Here, we present GlyCompare, a novel method wherein glycans from glycomic data are decomposed to a minimal set of intermediate substructures, thus incorporating shared intermediate glycan substructures into all comparisons of glycans.
The all data and code for paper is provided under the branch https://github.com/LewisLabUCSD/GlyCompare/tree/for_publish
Bokan Bao+, Benjamin P. Kellman+, Austin W. T. Chiang, Austin K. York, Mahmoud A. Mohammad, Morey W. Haymond, Lars Bode, and Nathan E. Lewis. 2019. “Correcting for Sparsity and Non-Independence in Glycomic Data through a System Biology Framework.” bioRxiv. https://doi.org/10.1101/693507.
- Code Ocean Compute Capsule
- Jupyter Notebooks
- Try our new beta webapp
Glycompare was developed and tested in Mac OS X
and Ubuntu 18.04
Requirements and dependencies
- python 3+
- glypy
- anaconda3 (for cython, pandas, numpy, seaborn, networkx==2.1, ndex, xlrd==1.2)

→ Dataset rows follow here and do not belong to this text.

(* Let $X$ be a compact metric space with metric $d$, let $f\colon X\to X$ be a continuous map with the s-limit shadowing property, let $C\in\mathcal{C}(f)$ and $D,E\in\mathcal{D}(C)$. Then for any $n\ge1$, any $x_1,\dots,x_n\in V^s(D)$, any $y_1,\dots,y_n\in\overline{V^s(E)}$, and any $\epsilon>0$, there are $z_1,\dots,z_n\in\overline{V^s(E)}$ and integers $K,L\ge0$ such that $d(y_j,z_j)\le\epsilon$ for all $1\le j\le n$, and $d(f^{K+i}(x_j),f^{L+i}(z_j))\le\epsilon$ for all $1\le j\le n$ and all $i\ge0$.
   Context: A $\delta$-chain of $f$ ($\delta>0$) is a finite sequence $(x_i)_{i=0}^k$, $k\ge1$, with $d(f(x_i),x_{i+1})\le\delta$ for $0\le i\le k-1$; it is a $\delta$-cycle if $x_0=x_k$, with length $k$. Write $x\to y$ if for every $\delta>0$ there is a $\delta$-chain from $x$ to $y$. Let $CR(f)=\{x\colon x\to x\}$; on $CR(f)$ let $x\leftrightarrow y$ iff $x\to y$ and $y\to x$; its classes are the chain components, forming $\mathcal{C}(f)$. For $C\in\mathcal{C}(f)$, $\delta>0$, let $m=m(C,\delta)$ be the gcd of the lengths of all $\delta$-cycles of $f|_C$, and for $x,y\in C$ let $x\sim_{C,\delta}y$ iff there is a $\delta$-chain of $f|_C$ from $x$ to $y$ of length divisible by $m$; $\mathcal{D}(C,\delta)$ is the set of its equivalence classes. Let $x\sim_C y$ iff $x\sim_{C,\delta}y$ for all $\delta>0$; $\mathcal{D}(C)$ is its set of classes. For $D\in\mathcal{D}(C)$, $D_\delta$ is the element of $\mathcal{D}(C,\delta)$ containing $D$. $W^s(C)=\{x\colon\lim_i d(f^i(x),C)=0\}$ and $V^s(D)=\bigcap_{\delta>0}\{x\in W^s(C)\colon\lim_i d(f^i(x),f^i(D_\delta))=0\}$; $\overline{V^s(E)}$ denotes the closure in $X$. $f$ has the s-limit shadowing property if for every $\epsilon>0$ there is $\delta>0$ such that for every sequence $(x_i)_{i\ge0}$ with $d(f(x_i),x_{i+1})\le\delta$ for all $i$ and $d(f(x_i),x_{i+1})\to0$ there is $x\in X$ with $d(f^i(x),x_i)\le\epsilon$ for all $i$ and $d(f^i(x),x_i)\to0$. *)

theory Defs
  imports "HOL-Analysis.Analysis"
begin

definition is_chain :: "('a::metric_space \<Rightarrow> 'a) \<Rightarrow> real \<Rightarrow> (nat \<Rightarrow> 'a) \<Rightarrow> nat \<Rightarrow> bool" where
  "is_chain f \<delta> xi k \<longleftrightarrow> k \<ge> 1 \<and> (\<forall>i<k. dist (f (xi i)) (xi (Suc i)) \<le> \<delta>)"

definition chain_to :: "('a::metric_space \<Rightarrow> 'a) \<Rightarrow> 'a \<Rightarrow> 'a \<Rightarrow> bool" where
  "chain_to f x y \<longleftrightarrow> (\<forall>\<delta>>0. \<exists>xi k. is_chain f \<delta> xi k \<and> xi 0 = x \<and> xi k = y)"

definition CR :: "('a::metric_space \<Rightarrow> 'a) \<Rightarrow> 'a set" where
  "CR f = {x. chain_to f x x}"

definition chain_components :: "('a::metric_space \<Rightarrow> 'a) \<Rightarrow> 'a set set" where
  "chain_components f =
     {C. \<exists>x\<in>CR f. C = {y \<in> CR f. chain_to f x y \<and> chain_to f y x}}"

definition period :: "('a::metric_space \<Rightarrow> 'a) \<Rightarrow> 'a set \<Rightarrow> real \<Rightarrow> nat" where
  "period f C \<delta> = Gcd {k. \<exists>xi. is_chain f \<delta> xi k \<and> (\<forall>i\<le>k. xi i \<in> C) \<and> xi 0 = xi k}"

definition rel_delta :: "('a::metric_space \<Rightarrow> 'a) \<Rightarrow> 'a set \<Rightarrow> real \<Rightarrow> 'a \<Rightarrow> 'a \<Rightarrow> bool" where
  "rel_delta f C \<delta> x y \<longleftrightarrow> x \<in> C \<and> y \<in> C \<and>
     (\<exists>xi k. is_chain f \<delta> xi k \<and> (\<forall>i\<le>k. xi i \<in> C) \<and> xi 0 = x \<and> xi k = y
            \<and> period f C \<delta> dvd k)"

definition classes_delta :: "('a::metric_space \<Rightarrow> 'a) \<Rightarrow> 'a set \<Rightarrow> real \<Rightarrow> 'a set set" where
  "classes_delta f C \<delta> = {D. \<exists>x\<in>C. D = {y. rel_delta f C \<delta> x y}}"

definition rel_C :: "('a::metric_space \<Rightarrow> 'a) \<Rightarrow> 'a set \<Rightarrow> 'a \<Rightarrow> 'a \<Rightarrow> bool" where
  "rel_C f C x y \<longleftrightarrow> (\<forall>\<delta>>0. rel_delta f C \<delta> x y)"

definition classes :: "('a::metric_space \<Rightarrow> 'a) \<Rightarrow> 'a set \<Rightarrow> 'a set set" where
  "classes f C = {D. \<exists>x\<in>C. D = {y \<in> C. rel_C f C x y}}"

definition class_delta :: "('a::metric_space \<Rightarrow> 'a) \<Rightarrow> 'a set \<Rightarrow> 'a set \<Rightarrow> real \<Rightarrow> 'a set" where
  "class_delta f C D \<delta> = (THE E. E \<in> classes_delta f C \<delta> \<and> D \<subseteq> E)"

definition Ws :: "('a::metric_space \<Rightarrow> 'a) \<Rightarrow> 'a set \<Rightarrow> 'a set" where
  "Ws f C = {x. (\<lambda>i. infdist ((f ^^ i) x) C) \<longlonglongrightarrow> 0}"

definition Vs :: "('a::metric_space \<Rightarrow> 'a) \<Rightarrow> 'a set \<Rightarrow> 'a set \<Rightarrow> 'a set" where
  "Vs f C D = (\<Inter>\<delta>\<in>{\<delta>::real. \<delta> > 0}.
     {x \<in> Ws f C. (\<lambda>i. infdist ((f ^^ i) x) ((f ^^ i) ` class_delta f C D \<delta>)) \<longlonglongrightarrow> 0})"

- git-lfs (can be installed with homebrew or
sudo apt install git-lfs
The package can also be installed locally using
# get the repo
git clone https://github.com/LewisLabUCSD/GlyCompare.git
# enter the repo
cd GlyCompare
# get the large files (~150MB including the glycompare db [glytoucan_db_addr])
git lfs pull
# install glycompare
python3 setup.py install
If you don't have sudo
privileges, you can run a local install by adding the --user
tag to the install
python3 setup.py install --user
If git lfs or the install fails, follow these alternative instructions for install: https://github.com/LewisLabUCSD/GlyCompare/wiki#install-glycompare
A quick run through the top-level functions using the CHO-EPO data
import os
import pandas as pd
import seaborn as sns
import matplotlib.pyplot as plt
import numpy as np
from copy import deepcopy
from scipy.stats import yeojohnson, probplot, wilcoxon, norm
from scipy import stats
from glycompare import *
# parameter setting
# environment parameter setting
glycompare_addr = '<PATH_TO_GLYCOMPARE>/GlyCompare/'
glytoucan_db_addr = os.path.join(glycompare_addr, 'glycompare','database', 'glytoucan_database.json')
linkage_specific = False
num_processors = 8
# project parameter
working_addr = os.path.join(glycompare_addr,'paper_epo/')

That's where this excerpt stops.